Every week, the Food Pantry at St. Gregory of Nyssa Episcopal Church in San Francisco, California, gives away 11 tons of food from the altar in the middle of the sanctuary, to anyone who shows up, no questions asked.
Journalist Sara Miles, who founded the food pantry in 2000, put it into theological perspective during a conversation at Trinity Wall Street, New York, on March 5. "The Gospel forces us to see that the bread of heaven and macaroni are meant for everyone without exception," she said.
Miles has written two books about her experience with the pantry and at St. Gregory's: "Take This Bread: A Radical Conversion" and "Jesus Freak: Feeding, Healing, and Raising the Dead."
The people who gathered at Trinity understand where she's coming from. Most lead or work with food pantries, street churches, and drop-in shelters in their own communities.
"The food pantry is not a social service program," she said. "It's a Eucharistic community. By eating together in thanksgiving, by making Eucharist together, we will taste God: holy food and groceries."
One of the key elements of that community is its emphasis on volunteers who, according to Miles, "do it all" at the food pantry. "All kinds of inappropriate, unqualified people."
The rules are simple: anyone can participate in giving away the pantry's food. You can be homeless and volunteer. You can be a junkie. But you can't be high and you can't steal food. And when a volunteer is given a new job, he or she is asked to identify two more people whom they will pass that work along to, as well.
Giving away work and authority is no easy task for Miles, a self-described control freak. But she sees it as a key element to an authentic, successful food pantry.
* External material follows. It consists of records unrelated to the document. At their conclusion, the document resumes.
(* For a connected cubic graph $G$, the following are equivalent: (a) $G$ is bipartite; (b) $1$ is an eigenvalue of the truncation $T(G)$; (c) $1$ is a simple eigenvalue of $T(G)$.
   Context: The truncation $T(G)$ of a cubic multigraph $G$ is the cubic graph in which every vertex $v$ of $G$ is replaced by a triangle whose three vertices correspond to the three edge-ends at $v$, and every edge $uv$ of $G$ gives an edge of $T(G)$ joining the corresponding vertices of the triangles of $u$ and $v$ (equivalently, $T(G)$ is the line graph of the subdivision of $G$). Eigenvalues are those of the adjacency matrix; simple means a $1$-dimensional eigenspace. *)

theory Defs
  imports "HOL-Analysis.Analysis"
begin

definition simple_graph :: "('a \<Rightarrow> 'a \<Rightarrow> bool) \<Rightarrow> bool" where
  "simple_graph E \<longleftrightarrow> (\<forall>u v. E u v \<longrightarrow> E v u) \<and> (\<forall>v. \<not> E v v)"

definition cubic :: "('a::finite \<Rightarrow> 'a \<Rightarrow> bool) \<Rightarrow> bool" where
  "cubic E \<longleftrightarrow> (\<forall>v. card {w. E v w} = 3)"

definition connected_graph :: "('a \<Rightarrow> 'a \<Rightarrow> bool) \<Rightarrow> bool" where
  "connected_graph E \<longleftrightarrow> (\<forall>u v. E\<^sup>*\<^sup>* u v)"

definition bipartite :: "('a \<Rightarrow> 'a \<Rightarrow> bool) \<Rightarrow> bool" where
  "bipartite E \<longleftrightarrow> (\<exists>c :: 'a \<Rightarrow> bool. \<forall>u v. E u v \<longrightarrow> c u \<noteq> c v)"

text \<open>Truncation T(G): its vertices are the edge-ends (darts) (v,w) with E v w
(the end at v of the edge vw).  The three ends at v form a triangle, and the
two ends (v,w), (w,v) of each edge vw are joined.\<close>

definition trunc_verts :: "('a \<Rightarrow> 'a \<Rightarrow> bool) \<Rightarrow> ('a \<times> 'a) set" where
  "trunc_verts E = {(v, w). E v w}"

definition trunc_adj :: "('a \<Rightarrow> 'a \<Rightarrow> bool) \<Rightarrow> ('a \<times> 'a) \<Rightarrow> ('a \<times> 'a) \<Rightarrow> bool" where
  "trunc_adj E d d' \<longleftrightarrow> d \<in> trunc_verts E \<and> d' \<in> trunc_verts E \<and>
     ((fst d = fst d' \<and> snd d \<noteq> snd d') \<or> (fst d = snd d' \<and> snd d = fst d'))"

text \<open>Adjacency eigenspace of a graph with finite vertex set V \<subseteq> UNIV :: 'v set
and adjacency relation R: real vectors indexed by V (coordinates outside V are 0)
with A x = \<mu> x, where A is the 0/1 adjacency matrix of R on V.\<close>

definition adj_eigenspace ::
  "'v::finite set \<Rightarrow> ('v \<Rightarrow> 'v \<Rightarrow> bool) \<Rightarrow> real \<Rightarrow> (real ^ 'v) set" where
  "adj_eigenspace V R \<mu> = {x. (\<forall>v. v \<notin> V \<longrightarrow> x $ v = 0) \<and>
     (\<forall>v\<in>V. (\<Sum>w\<in>V. (if R v w then 1 else 0) * x $ w) = \<mu> * x $ v)}"

definition adj_eigenvalue :: "'v::finite set \<Rightarrow> ('v \<Rightarrow> 'v \<Rightarrow> bool) \<Rightarrow> real \<Rightarrow> bool" where
  "adj_eigenvalue V R \<mu> \<longleftrightarrow> (\<exists>x \<in> adj_eigenspace V R \<mu>. x \<noteq> 0)"

definition simple_adj_eigenvalue :: "'v::finite set \<Rightarrow> ('v \<Rightarrow> 'v \<Rightarrow> bool) \<Rightarrow> real \<Rightarrow> bool" where
  "simple_adj_eigenvalue V R \<mu> \<longleftrightarrow> dim (adj_eigenspace V R \<mu>) = 1"

end

theory Submission
  imports Defs
begin

(* Let x be a 1-eigenvector of T(G) and S(v) the sum of x over the three ends at v.
   The eigen-equation at the end (v,w) reads x(w,v) + S(v) - x(v,w) = x(v,w); together
   with the equation at (w,v) it gives x(v,w) = (2 S(v) + S(w)) / 3, and summing over w
   shows that S is a (-3)-eigenvector of G.  The quadratic form of the signless Laplacian,
   the sum over edges vw of (S(v) + S(w))^2, then vanishes, so S changes sign along every
   edge and x(v,w) = S(v) / 3.  Hence a nonzero x yields the 2-colouring by the sign of S,
   and by connectedness x is determined by a single value S(u).  Conversely, a 2-colouring
   c gives the eigenvector x(v,w) = +-1 according to c(v). *)

lemma subspace_adj_eigenspace: "subspace (adj_eigenspace V R \<mu>)"
proof -
  have scale: "(\<Sum>w\<in>V. a w * (c * x $ w)) = c * (\<Sum>w\<in>V. a w * x $ w)"
    for a and c :: real and x :: "real ^ 'a"
    by (simp add: sum_distrib_left mult.left_commute)
  show ?thesis
    unfolding subspace_def adj_eigenspace_def by (simp add: distrib_left sum.distrib scale)
qed

lemma simple_adj_eigenvalue_imp_adj_eigenvalue:
  "simple_adj_eigenvalue V R \<mu> \<Longrightarrow> adj_eigenvalue V R \<mu>"
  unfolding simple_adj_eigenvalue_def adj_eigenvalue_def
  by (metis dim_eq_0 singletonI subsetI zero_neq_one)

text \<open>No connectedness is needed: the hypothesis makes the quadratic form
  \<open>\<Sum>(v,u). (f u + f v)\<^sup>2\<close> over all ordered adjacent pairs vanish.\<close>

lemma neighbour_sum_eq_0_imp_alternating:
  fixes E :: "'a::finite \<Rightarrow> 'a \<Rightarrow> bool" and f :: "'a \<Rightarrow> real"
  assumes sg: "simple_graph E" and nsum: "\<And>v. (\<Sum>u | E v u. f u + f v) = 0" and "E v w"
  shows "f w = - f v"
proof -
  define D where "D = {(v, u). E v u}"
  have D_Sigma: "D = Sigma UNIV (\<lambda>v. {u. E v u})" by (auto simp: D_def)
  have swap_D: "prod.swap ` D = D" using sg by (auto simp: D_def simple_graph_def)
  have "(\<Sum>(v, u)\<in>D. f v * (f u + f v)) = (\<Sum>v\<in>UNIV. f v * (\<Sum>u | E v u. f u + f v))"
    by (simp add: D_Sigma sum.Sigma[symmetric] sum_distrib_left)
  also have "\<dots> = 0" by (simp add: nsum)
  finally have half: "(\<Sum>(v, u)\<in>D. f v * (f u + f v)) = 0" .
  have "(\<Sum>(v, u)\<in>D. f u * (f v + f u)) = (\<Sum>(v, u)\<in>prod.swap ` D. f v * (f u + f v))"
    by (simp add: sum.reindex case_prod_beta)
  also have "\<dots> = 0" by (simp add: swap_D half)
  finally have other_half: "(\<Sum>(v, u)\<in>D. f u * (f v + f u)) = 0" .
  have "(\<Sum>(v, u)\<in>D. (f u + f v)\<^sup>2)
      = (\<Sum>(v, u)\<in>D. f u * (f v + f u)) + (\<Sum>(v, u)\<in>D. f v * (f u + f v))"
    unfolding sum.distrib[symmetric] by (rule sum.cong) (auto simp: power2_eq_square algebra_simps)
  also have "\<dots> = 0" by (simp add: half other_half)
  finally have "(\<Sum>(v, u)\<in>D. (f u + f v)\<^sup>2) = 0" .
  then have "\<forall>(v, u)\<in>D. (f u + f v)\<^sup>2 = 0"
    by (subst (asm) sum_nonneg_eq_0_iff) auto
  then have "f w + f v = 0" using \<open>E v w\<close> by (auto simp: D_def)
  then show ?thesis by linarith
qed

lemma connected_alternating_eq_0:
  fixes f :: "'a \<Rightarrow> real"
  assumes "connected_graph E" and alt: "\<And>v w. E v w \<Longrightarrow> f w = - f v" and "f u = 0"
  shows "f v = 0"
proof -
  have "E\<^sup>*\<^sup>* u v" using assms(1) by (simp add: connected_graph_def)
  then show ?thesis
    by (induction rule: rtranclp_induct) (use \<open>f u = 0\<close> alt in auto)
qed

definition dart_sum :: "('a::finite \<Rightarrow> 'a \<Rightarrow> bool) \<Rightarrow> real ^ ('a \<times> 'a) \<Rightarrow> 'a \<Rightarrow> real" where
  "dart_sum E x v = (\<Sum>u | E v u. x $ (v, u))"

lemma trunc_adj_sum:
  fixes E :: "'a::finite \<Rightarrow> 'a \<Rightarrow> bool"
  assumes sg: "simple_graph E" and "E v w"
  shows "(\<Sum>d\<in>trunc_verts E. (if trunc_adj E (v, w) d then 1 else 0) * x $ d)
         = x $ (w, v) + dart_sum E x v - x $ (v, w)"
proof -
  let ?ends = "(\<lambda>u. (v, u)) ` ({u. E v u} - {w})"
  have nbrs: "{d\<in>trunc_verts E. trunc_adj E (v, w) d} = insert (w, v) ?ends"
    using assms by (auto simp: trunc_adj_def trunc_verts_def simple_graph_def)
  have "(\<Sum>d\<in>trunc_verts E. (if trunc_adj E (v, w) d then 1 else 0) * x $ d)
      = (\<Sum>d\<in>trunc_verts E. if trunc_adj E (v, w) d then x $ d else 0)"
    by (rule sum.cong) auto
  also have "\<dots> = (\<Sum>d\<in>{d\<in>trunc_verts E. trunc_adj E (v, w) d}. x $ d)"
    by (simp add: sum.inter_filter)
  also have "\<dots> = x $ (w, v) + (\<Sum>d\<in>?ends. x $ d)"
    unfolding nbrs using sg by (subst sum.insert) (auto simp: simple_graph_def)
  also have "(\<Sum>d\<in>?ends. x $ d) = (\<Sum>u\<in>{u. E v u} - {w}. x $ (v, u))"
    by (simp add: sum.reindex inj_on_def)
  also have "\<dots> = dart_sum E x v - x $ (v, w)"
    using \<open>E v w\<close> by (simp add: sum_diff1 dart_sum_def)
  finally show ?thesis by simp
qed

lemma trunc_eigenvector_dart:
  fixes E :: "'a::finite \<Rightarrow> 'a \<Rightarrow> bool"
  assumes sg: "simple_graph E" and x: "x \<in> adj_eigenspace (trunc_verts E) (trunc_adj E) 1"
    and "E v w"
  shows "x $ (v, w) = (2 * dart_sum E x v + dart_sum E x w) / 3"
proof -
  have eq: "x $ (b, a) = 2 * x $ (a, b) - dart_sum E x a" if "E a b" for a b
  proof -
    have "(a, b) \<in> trunc_verts E" using that by (simp add: trunc_verts_def)
    then show ?thesis
      using x trunc_adj_sum[OF sg that, of x] unfolding adj_eigenspace_def by auto
  qed
  have "E w v" using sg \<open>E v w\<close> by (simp add: simple_graph_def)
  then show ?thesis using eq[OF \<open>E v w\<close>] eq[OF \<open>E w v\<close>] by simp
qed

lemma trunc_eigenvector_alternating:
  fixes E :: "'a::finite \<Rightarrow> 'a \<Rightarrow> bool"
  assumes sg: "simple_graph E" and cub: "cubic E"
    and x: "x \<in> adj_eigenspace (trunc_verts E) (trunc_adj E) 1" and "E v w"
  shows "dart_sum E x w = - dart_sum E x v"
proof (rule neighbour_sum_eq_0_imp_alternating[OF sg _ \<open>E v w\<close>])
  fix a
  let ?S = "dart_sum E x"
  have card3: "card {u. E a u} = 3" using cub by (simp add: cubic_def)
  have "?S a = (\<Sum>u | E a u. x $ (a, u))" by (simp add: dart_sum_def)
  also have "\<dots> = (\<Sum>u | E a u. (2 * ?S a + ?S u) / 3)"
    by (rule sum.cong) (simp_all add: trunc_eigenvector_dart[OF sg x])
  also have "\<dots> = (\<Sum>u | E a u. ?S u + ?S a) / 3 + ?S a"
    by (simp add: sum_divide_distrib[symmetric] sum.distrib card3)
  finally show "(\<Sum>u | E a u. ?S u + ?S a) = 0" by simp
qed

lemma trunc_eigenvector_eq:
  fixes E :: "'a::finite \<Rightarrow> 'a \<Rightarrow> bool"
  assumes sg: "simple_graph E" and cub: "cubic E"
    and x: "x \<in> adj_eigenspace (trunc_verts E) (trunc_adj E) 1" and "E v w"
  shows "x $ (v, w) = dart_sum E x v / 3"
  using trunc_eigenvector_dart[OF sg x \<open>E v w\<close>] trunc_eigenvector_alternating[OF assms]
  by simp

lemma trunc_eigenvector_eq_0:
  fixes E :: "'a::finite \<Rightarrow> 'a \<Rightarrow> bool"
  assumes sg: "simple_graph E" and cub: "cubic E" and con: "connected_graph E"
    and x: "x \<in> adj_eigenspace (trunc_verts E) (trunc_adj E) 1" and "dart_sum E x u = 0"
  shows "x = 0"
proof (subst vec_eq_iff, intro allI)
  fix d
  show "x $ d = 0 $ d"
  proof (cases "d \<in> trunc_verts E")
    case True
    then obtain v w where d: "d = (v, w)" and "E v w" by (auto simp: trunc_verts_def)
    have "dart_sum E x v = 0"
      using connected_alternating_eq_0[where f = "dart_sum E x", OF con _ \<open>dart_sum E x u = 0\<close>]
        trunc_eigenvector_alternating[OF sg cub x] by blast
    then show ?thesis using trunc_eigenvector_eq[OF sg cub x \<open>E v w\<close>] d by simp
  next
    case False
    then have "x $ d = 0" using x unfolding adj_eigenspace_def by blast
    then show ?thesis by simp
  qed
qed

lemma bipartite_imp_trunc_eigenvalue_1:
  fixes E :: "'a::finite \<Rightarrow> 'a \<Rightarrow> bool"
  assumes sg: "simple_graph E" and cub: "cubic E" and "bipartite E"
  shows "adj_eigenvalue (trunc_verts E) (trunc_adj E) 1"
proof -
  obtain c :: "'a \<Rightarrow> bool" where c: "\<And>u v. E u v \<Longrightarrow> c u \<noteq> c v"
    using \<open>bipartite E\<close> unfolding bipartite_def by blast
  have card3: "card {u. E v u} = 3" for v using cub by (simp add: cubic_def)
  define s where "s v = (if c v then 1 else -1 :: real)" for v
  define y :: "real ^ ('a \<times> 'a)" where "y = (\<chi> d. if d \<in> trunc_verts E then s (fst d) else 0)"
  have y_dart: "y $ (v, w) = s v" if "E v w" for v w
    using that by (simp add: y_def trunc_verts_def)
  have "y \<in> adj_eigenspace (trunc_verts E) (trunc_adj E) 1"
    unfolding adj_eigenspace_def
  proof (intro CollectI conjI allI impI ballI)
    fix d assume "d \<notin> trunc_verts E"
    then show "y $ d = 0" by (simp add: y_def)
  next
    fix d assume "d \<in> trunc_verts E"
    then obtain v w where d: "d = (v, w)" and "E v w" by (auto simp: trunc_verts_def)
    have "E w v" using sg \<open>E v w\<close> by (simp add: simple_graph_def)
    have "dart_sum E y v = 3 * s v"
      by (simp add: dart_sum_def y_dart card3)
    moreover have "s w = - s v" using c[OF \<open>E v w\<close>] by (simp add: s_def)
    ultimately show "(\<Sum>d'\<in>trunc_verts E. (if trunc_adj E d d' then 1 else 0) * y $ d') = 1 * y $ d"
      using trunc_adj_sum[OF sg \<open>E v w\<close>, of y] d y_dart[OF \<open>E v w\<close>] y_dart[OF \<open>E w v\<close>]
      by simp
  qed
  moreover obtain v w where "E v w"
    using card3 by (metis Collect_empty_eq card.empty zero_neq_numeral)
  then have "y \<noteq> 0" by (metis y_dart s_def zero_index zero_neq_one neg_equal_0_iff_equal)
  ultimately show ?thesis by (auto simp: adj_eigenvalue_def)
qed

lemma trunc_eigenvalue_1_imp_bipartite:
  fixes E :: "'a::finite \<Rightarrow> 'a \<Rightarrow> bool"
  assumes sg: "simple_graph E" and cub: "cubic E" and con: "connected_graph E"
    and "adj_eigenvalue (trunc_verts E) (trunc_adj E) 1"
  shows "bipartite E"
proof -
  obtain x where x: "x \<in> adj_eigenspace (trunc_verts E) (trunc_adj E) 1" and "x \<noteq> 0"
    using assms(4) by (auto simp: adj_eigenvalue_def)
  then have nonzero: "dart_sum E x v \<noteq> 0" for v
    using trunc_eigenvector_eq_0[OF sg cub con x] by blast
  show ?thesis unfolding bipartite_def
  proof (intro exI allI impI)
    fix u v assume "E u v"
    then show "(dart_sum E x u > 0) \<noteq> (dart_sum E x v > 0)"
      using trunc_eigenvector_alternating[OF sg cub x] nonzero[of u] by fastforce
  qed
qed

lemma trunc_eigenvalue_1_simple:
  fixes E :: "'a::finite \<Rightarrow> 'a \<Rightarrow> bool"
  assumes sg: "simple_graph E" and cub: "cubic E" and con: "connected_graph E"
    and "adj_eigenvalue (trunc_verts E) (trunc_adj E) 1"
  shows "simple_adj_eigenvalue (trunc_verts E) (trunc_adj E) 1"
proof -
  let ?X = "adj_eigenspace (trunc_verts E) (trunc_adj E) 1"
  obtain y where y: "y \<in> ?X" and "y \<noteq> 0"
    using assms(4) by (auto simp: adj_eigenvalue_def)
  fix u :: 'a
  have y_u: "dart_sum E y u \<noteq> 0"
    using trunc_eigenvector_eq_0[OF sg cub con y] \<open>y \<noteq> 0\<close> by blast
  have "x \<in> span {y}" if x: "x \<in> ?X" for x
  proof -
    define r where "r = dart_sum E x u / dart_sum E y u"
    have "dart_sum E (x - r *\<^sub>R y) u = dart_sum E x u - r * dart_sum E y u"
      by (simp add: dart_sum_def sum_subtractf sum_distrib_left)
    then have "dart_sum E (x - r *\<^sub>R y) u = 0"
      using y_u by (simp add: r_def)
    moreover have "x - r *\<^sub>R y \<in> ?X"
      using subspace_adj_eigenspace x y by (metis subspace_diff subspace_scale)
    ultimately have "x = r *\<^sub>R y"
      using trunc_eigenvector_eq_0[OF sg cub con] by fastforce
    then show ?thesis by (simp add: span_base span_scale)
  qed
  then have "span {y} = ?X"
    using y subspace_adj_eigenspace by (intro span_subspace) auto
  then show ?thesis
    using \<open>y \<noteq> 0\<close> unfolding simple_adj_eigenvalue_def by (metis dim_span dim_singleton)
qed

theorem corollary6p3:
  fixes E :: "'a::finite \<Rightarrow> 'a \<Rightarrow> bool"
  assumes "simple_graph E" and "cubic E" and "connected_graph E"
  shows "(bipartite E \<longleftrightarrow> adj_eigenvalue (trunc_verts E) (trunc_adj E) 1)
       \<and> (adj_eigenvalue (trunc_verts E) (trunc_adj E) 1
            \<longleftrightarrow> simple_adj_eigenvalue (trunc_verts E) (trunc_adj E) 1)"
  using bipartite_imp_trunc_eigenvalue_1[OF assms(1,2)]
    trunc_eigenvalue_1_imp_bipartite[OF assms]
    trunc_eigenvalue_1_simple[OF assms]
    simple_adj_eigenvalue_imp_adj_eigenvalue
  by blast

end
Too often, she said, churches work for -- but not with -- the people they are trying to serve.
"If you want your food program to die, do it for them," she said bluntly.
The people listening to Miles know something about the challenges of ministry with and not for people.
"How do you not lose it?" one participant asked.
Miles acknowledged that, like anyone else, she does lose it on occasion.
"It's really hard," she said. "It's not fair how people behave. God is merciful, not just. This work allows you to experience conversion in an ongoing way, which is not always a pleasant process."
Following Miles' presentation and sharing Holy Communion, the workshop participants had an opportunity talk with each other about their ministries -- a rare opportunity for some.
Mary Eaton, who leads the Wooster Fellowship, a non-denominational outdoor church in Wooster, Massachusetts, called Miles' presentation "a reaffirmation."
Steve Ruelke, who runs Ekklesia Newburgh, a street church in Newburgh, New York, said that the workshop was "a reminder we're not there alone. I know Mary's up in Wooster doing same thing, in her style."
Valeria Vasilevski and Phillip Trimble are new to both Trinity and the kind of ministry some of their fellow participants have been doing for years. Practicing Buddhists, they saw a sign calling for volunteers for Trinity's Brown Bag Lunch program last October while attending a Trinity Choir concert. Since then, they have become two of the program's most dedicated volunteers, providing lunch to anyone who's hungry every Tuesday and Thursday in Trinity's churchyard.
"The Brown Bag is very compatible with Buddhism because both place great emphasis on giving rather than receiving," Trimble said.
Vasilevski echoed Miles' point about a ministry's community.
"We've really bonded -- the volunteers and the people who come as our guests," Vasilevski said. "People want lunch, but they're also hungry for something else."
"A spiritual life is a physical life," Miles said. "What are we here to do on Friday and Sunday? We are here to raise the dead."